### [Saved entries]
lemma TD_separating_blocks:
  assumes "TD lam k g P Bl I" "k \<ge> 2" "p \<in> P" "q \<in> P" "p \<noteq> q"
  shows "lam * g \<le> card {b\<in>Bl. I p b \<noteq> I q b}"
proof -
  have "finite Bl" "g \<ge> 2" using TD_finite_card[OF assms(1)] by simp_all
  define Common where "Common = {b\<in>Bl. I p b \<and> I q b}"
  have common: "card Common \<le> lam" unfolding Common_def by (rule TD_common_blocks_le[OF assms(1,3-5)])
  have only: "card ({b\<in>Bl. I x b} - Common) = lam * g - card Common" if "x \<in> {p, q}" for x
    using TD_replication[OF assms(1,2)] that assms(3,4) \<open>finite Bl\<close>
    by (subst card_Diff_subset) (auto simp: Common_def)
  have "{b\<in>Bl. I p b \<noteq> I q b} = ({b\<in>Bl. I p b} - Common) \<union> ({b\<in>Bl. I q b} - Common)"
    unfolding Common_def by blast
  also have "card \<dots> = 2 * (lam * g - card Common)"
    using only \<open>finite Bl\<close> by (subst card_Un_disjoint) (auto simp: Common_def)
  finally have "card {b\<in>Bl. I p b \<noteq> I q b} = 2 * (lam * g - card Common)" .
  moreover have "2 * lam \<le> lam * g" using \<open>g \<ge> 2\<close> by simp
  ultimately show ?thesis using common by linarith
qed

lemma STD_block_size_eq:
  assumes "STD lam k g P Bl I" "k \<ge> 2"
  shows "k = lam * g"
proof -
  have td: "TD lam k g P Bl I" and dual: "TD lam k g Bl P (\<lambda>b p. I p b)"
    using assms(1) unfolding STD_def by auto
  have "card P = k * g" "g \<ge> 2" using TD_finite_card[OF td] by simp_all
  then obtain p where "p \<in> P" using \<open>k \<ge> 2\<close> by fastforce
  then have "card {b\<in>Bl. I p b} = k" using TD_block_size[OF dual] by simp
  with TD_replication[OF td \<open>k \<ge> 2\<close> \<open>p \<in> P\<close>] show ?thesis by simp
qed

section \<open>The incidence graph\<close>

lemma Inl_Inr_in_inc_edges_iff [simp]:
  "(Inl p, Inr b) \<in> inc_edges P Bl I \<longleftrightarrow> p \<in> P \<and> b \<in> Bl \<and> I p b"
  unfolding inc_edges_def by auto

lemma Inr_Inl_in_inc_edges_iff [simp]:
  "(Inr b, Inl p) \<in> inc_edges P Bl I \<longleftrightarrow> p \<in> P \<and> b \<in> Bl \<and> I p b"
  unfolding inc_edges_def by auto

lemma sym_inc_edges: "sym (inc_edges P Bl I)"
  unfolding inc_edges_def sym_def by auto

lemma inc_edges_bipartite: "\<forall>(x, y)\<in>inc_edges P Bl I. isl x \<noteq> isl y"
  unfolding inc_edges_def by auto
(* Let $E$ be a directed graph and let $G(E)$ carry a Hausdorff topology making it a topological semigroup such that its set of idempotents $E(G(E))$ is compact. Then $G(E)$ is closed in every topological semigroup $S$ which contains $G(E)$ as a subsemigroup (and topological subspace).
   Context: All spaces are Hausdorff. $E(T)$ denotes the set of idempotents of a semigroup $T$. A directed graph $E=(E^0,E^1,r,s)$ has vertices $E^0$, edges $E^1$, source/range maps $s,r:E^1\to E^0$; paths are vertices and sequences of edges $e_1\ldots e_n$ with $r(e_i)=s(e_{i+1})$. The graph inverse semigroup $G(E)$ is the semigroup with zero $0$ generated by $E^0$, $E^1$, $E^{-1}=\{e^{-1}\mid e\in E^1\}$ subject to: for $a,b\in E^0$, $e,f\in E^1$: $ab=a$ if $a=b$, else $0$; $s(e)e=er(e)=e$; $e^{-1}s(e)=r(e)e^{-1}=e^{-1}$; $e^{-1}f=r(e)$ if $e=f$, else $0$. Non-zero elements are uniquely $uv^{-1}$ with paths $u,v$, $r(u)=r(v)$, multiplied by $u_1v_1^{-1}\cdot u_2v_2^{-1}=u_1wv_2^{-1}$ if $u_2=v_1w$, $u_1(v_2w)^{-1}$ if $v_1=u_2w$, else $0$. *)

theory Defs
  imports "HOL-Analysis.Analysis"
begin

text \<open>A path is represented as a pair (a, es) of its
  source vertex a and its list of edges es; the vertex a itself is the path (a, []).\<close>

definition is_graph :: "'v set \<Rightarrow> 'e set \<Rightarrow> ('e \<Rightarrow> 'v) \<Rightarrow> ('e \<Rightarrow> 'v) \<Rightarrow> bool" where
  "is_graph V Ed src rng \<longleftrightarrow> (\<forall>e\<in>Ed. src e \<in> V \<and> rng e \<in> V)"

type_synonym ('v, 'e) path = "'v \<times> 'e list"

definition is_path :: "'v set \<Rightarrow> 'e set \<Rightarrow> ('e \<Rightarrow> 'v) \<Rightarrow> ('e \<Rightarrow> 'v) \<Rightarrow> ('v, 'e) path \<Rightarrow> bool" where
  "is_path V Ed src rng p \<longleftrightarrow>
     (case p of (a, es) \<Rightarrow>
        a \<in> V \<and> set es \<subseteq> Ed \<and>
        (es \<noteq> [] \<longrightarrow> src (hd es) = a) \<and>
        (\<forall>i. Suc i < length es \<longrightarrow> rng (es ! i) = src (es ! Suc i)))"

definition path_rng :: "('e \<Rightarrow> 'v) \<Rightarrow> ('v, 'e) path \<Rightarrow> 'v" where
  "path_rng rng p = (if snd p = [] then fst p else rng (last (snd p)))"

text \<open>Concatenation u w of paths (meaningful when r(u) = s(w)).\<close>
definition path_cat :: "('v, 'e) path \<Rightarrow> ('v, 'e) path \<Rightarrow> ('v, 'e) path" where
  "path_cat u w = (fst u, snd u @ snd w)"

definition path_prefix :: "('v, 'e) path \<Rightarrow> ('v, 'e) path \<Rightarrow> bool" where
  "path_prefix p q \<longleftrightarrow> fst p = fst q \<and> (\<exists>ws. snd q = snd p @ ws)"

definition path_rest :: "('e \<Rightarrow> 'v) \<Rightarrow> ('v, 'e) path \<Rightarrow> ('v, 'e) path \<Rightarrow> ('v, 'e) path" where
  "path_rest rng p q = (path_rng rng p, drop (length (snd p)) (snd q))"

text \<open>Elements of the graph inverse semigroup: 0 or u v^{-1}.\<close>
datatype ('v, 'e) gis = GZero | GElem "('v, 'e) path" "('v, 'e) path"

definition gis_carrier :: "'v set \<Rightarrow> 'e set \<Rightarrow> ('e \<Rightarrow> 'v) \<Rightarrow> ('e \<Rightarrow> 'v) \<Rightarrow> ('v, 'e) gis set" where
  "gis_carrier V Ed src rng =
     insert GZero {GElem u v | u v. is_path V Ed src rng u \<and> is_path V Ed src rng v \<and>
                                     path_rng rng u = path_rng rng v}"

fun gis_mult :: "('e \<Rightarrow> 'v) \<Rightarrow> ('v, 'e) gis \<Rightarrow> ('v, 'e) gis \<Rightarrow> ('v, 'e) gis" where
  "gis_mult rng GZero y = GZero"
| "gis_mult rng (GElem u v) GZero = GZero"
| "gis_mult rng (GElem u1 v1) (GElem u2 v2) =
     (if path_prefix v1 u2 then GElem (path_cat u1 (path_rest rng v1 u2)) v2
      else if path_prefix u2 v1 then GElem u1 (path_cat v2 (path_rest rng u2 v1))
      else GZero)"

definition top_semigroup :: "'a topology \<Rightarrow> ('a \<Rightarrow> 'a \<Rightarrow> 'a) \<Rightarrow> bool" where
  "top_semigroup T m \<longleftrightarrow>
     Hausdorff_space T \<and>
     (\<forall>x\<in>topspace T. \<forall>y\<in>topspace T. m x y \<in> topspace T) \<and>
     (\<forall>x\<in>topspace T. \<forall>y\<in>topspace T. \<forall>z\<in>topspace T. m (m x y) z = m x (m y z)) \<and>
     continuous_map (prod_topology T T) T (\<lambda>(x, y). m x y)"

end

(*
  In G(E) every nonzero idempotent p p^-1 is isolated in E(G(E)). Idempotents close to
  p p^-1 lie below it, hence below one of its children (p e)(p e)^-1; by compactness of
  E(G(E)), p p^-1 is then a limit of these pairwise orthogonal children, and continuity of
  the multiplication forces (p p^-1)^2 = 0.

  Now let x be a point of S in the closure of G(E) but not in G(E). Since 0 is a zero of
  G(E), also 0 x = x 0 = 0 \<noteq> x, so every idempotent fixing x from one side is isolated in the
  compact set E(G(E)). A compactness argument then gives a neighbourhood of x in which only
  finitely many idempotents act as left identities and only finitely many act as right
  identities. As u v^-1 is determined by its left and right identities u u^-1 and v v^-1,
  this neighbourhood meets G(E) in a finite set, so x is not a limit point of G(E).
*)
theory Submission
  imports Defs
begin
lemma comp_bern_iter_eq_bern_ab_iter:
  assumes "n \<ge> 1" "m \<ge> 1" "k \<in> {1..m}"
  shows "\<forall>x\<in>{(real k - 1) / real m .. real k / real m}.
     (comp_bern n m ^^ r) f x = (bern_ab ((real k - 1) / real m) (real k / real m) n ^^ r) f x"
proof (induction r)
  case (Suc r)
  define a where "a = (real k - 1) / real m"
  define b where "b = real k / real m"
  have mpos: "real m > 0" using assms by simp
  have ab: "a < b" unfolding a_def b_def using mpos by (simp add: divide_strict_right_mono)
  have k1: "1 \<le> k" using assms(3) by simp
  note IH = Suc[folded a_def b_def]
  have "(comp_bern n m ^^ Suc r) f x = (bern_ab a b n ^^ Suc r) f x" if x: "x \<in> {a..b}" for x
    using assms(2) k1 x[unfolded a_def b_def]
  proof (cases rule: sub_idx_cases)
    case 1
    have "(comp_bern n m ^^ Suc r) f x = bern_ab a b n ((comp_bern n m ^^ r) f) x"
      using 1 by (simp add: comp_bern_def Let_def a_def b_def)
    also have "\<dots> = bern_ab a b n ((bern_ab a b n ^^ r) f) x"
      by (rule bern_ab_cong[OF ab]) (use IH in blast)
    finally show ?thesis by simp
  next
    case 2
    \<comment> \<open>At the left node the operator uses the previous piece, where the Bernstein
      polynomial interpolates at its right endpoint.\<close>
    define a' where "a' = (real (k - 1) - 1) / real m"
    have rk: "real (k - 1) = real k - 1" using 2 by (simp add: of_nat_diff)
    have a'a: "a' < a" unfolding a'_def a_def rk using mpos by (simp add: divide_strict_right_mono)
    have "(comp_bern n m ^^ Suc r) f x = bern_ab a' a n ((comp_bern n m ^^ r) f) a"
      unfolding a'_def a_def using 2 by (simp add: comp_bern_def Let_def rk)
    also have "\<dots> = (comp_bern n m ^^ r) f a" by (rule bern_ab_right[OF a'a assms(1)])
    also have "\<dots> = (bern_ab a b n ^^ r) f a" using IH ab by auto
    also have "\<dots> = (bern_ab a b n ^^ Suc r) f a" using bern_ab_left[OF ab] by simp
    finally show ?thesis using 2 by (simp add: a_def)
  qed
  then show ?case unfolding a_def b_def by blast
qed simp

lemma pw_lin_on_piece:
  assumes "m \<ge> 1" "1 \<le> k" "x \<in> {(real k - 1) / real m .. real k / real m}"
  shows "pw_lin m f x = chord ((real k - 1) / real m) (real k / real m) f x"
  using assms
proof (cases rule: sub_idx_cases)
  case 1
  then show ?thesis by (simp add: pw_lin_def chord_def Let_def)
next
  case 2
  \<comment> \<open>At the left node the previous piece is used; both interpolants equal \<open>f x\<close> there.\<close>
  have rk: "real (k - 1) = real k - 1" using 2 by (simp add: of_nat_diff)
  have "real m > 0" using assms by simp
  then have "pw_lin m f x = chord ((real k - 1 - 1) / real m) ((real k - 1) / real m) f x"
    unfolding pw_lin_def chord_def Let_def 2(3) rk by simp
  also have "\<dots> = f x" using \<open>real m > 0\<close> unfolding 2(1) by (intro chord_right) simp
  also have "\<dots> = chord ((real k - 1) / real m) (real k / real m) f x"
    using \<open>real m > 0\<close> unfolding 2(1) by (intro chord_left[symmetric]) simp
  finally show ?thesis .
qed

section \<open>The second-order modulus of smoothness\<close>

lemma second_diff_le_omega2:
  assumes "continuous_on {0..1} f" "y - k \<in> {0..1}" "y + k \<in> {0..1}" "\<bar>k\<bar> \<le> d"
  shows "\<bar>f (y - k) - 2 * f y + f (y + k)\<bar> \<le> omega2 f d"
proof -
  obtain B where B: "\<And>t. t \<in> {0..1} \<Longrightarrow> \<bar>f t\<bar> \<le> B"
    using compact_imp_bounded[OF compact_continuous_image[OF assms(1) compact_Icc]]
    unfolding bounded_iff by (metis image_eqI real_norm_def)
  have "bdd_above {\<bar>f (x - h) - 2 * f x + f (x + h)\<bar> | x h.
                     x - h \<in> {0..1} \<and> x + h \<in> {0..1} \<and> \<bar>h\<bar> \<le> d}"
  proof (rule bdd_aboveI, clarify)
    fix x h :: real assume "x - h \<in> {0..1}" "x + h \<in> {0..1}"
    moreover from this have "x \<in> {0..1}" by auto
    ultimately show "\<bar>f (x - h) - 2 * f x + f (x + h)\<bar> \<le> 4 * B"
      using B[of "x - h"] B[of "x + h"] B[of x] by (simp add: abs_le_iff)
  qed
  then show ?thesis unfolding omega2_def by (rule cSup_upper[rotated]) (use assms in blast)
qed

### [Task brief]
I'd like an exact copy of the lines above, from the very first one through the line that contains "define Common where", with nothing else added.

### [Written reply]
lemma TD_separating_blocks:
  assumes "TD lam k g P Bl I" "k \<ge> 2" "p \<in> P" "q \<in> P" "p \<noteq> q"
  shows "lam * g \<le> card {b\<in>Bl. I p b \<noteq> I q b}"
proof -
  have "finite Bl" "g \<ge> 2" using TD_finite_card[OF assms(1)] by simp_all
  define Common where "Common = {b\<in>Bl. I p b \<and> I q b}"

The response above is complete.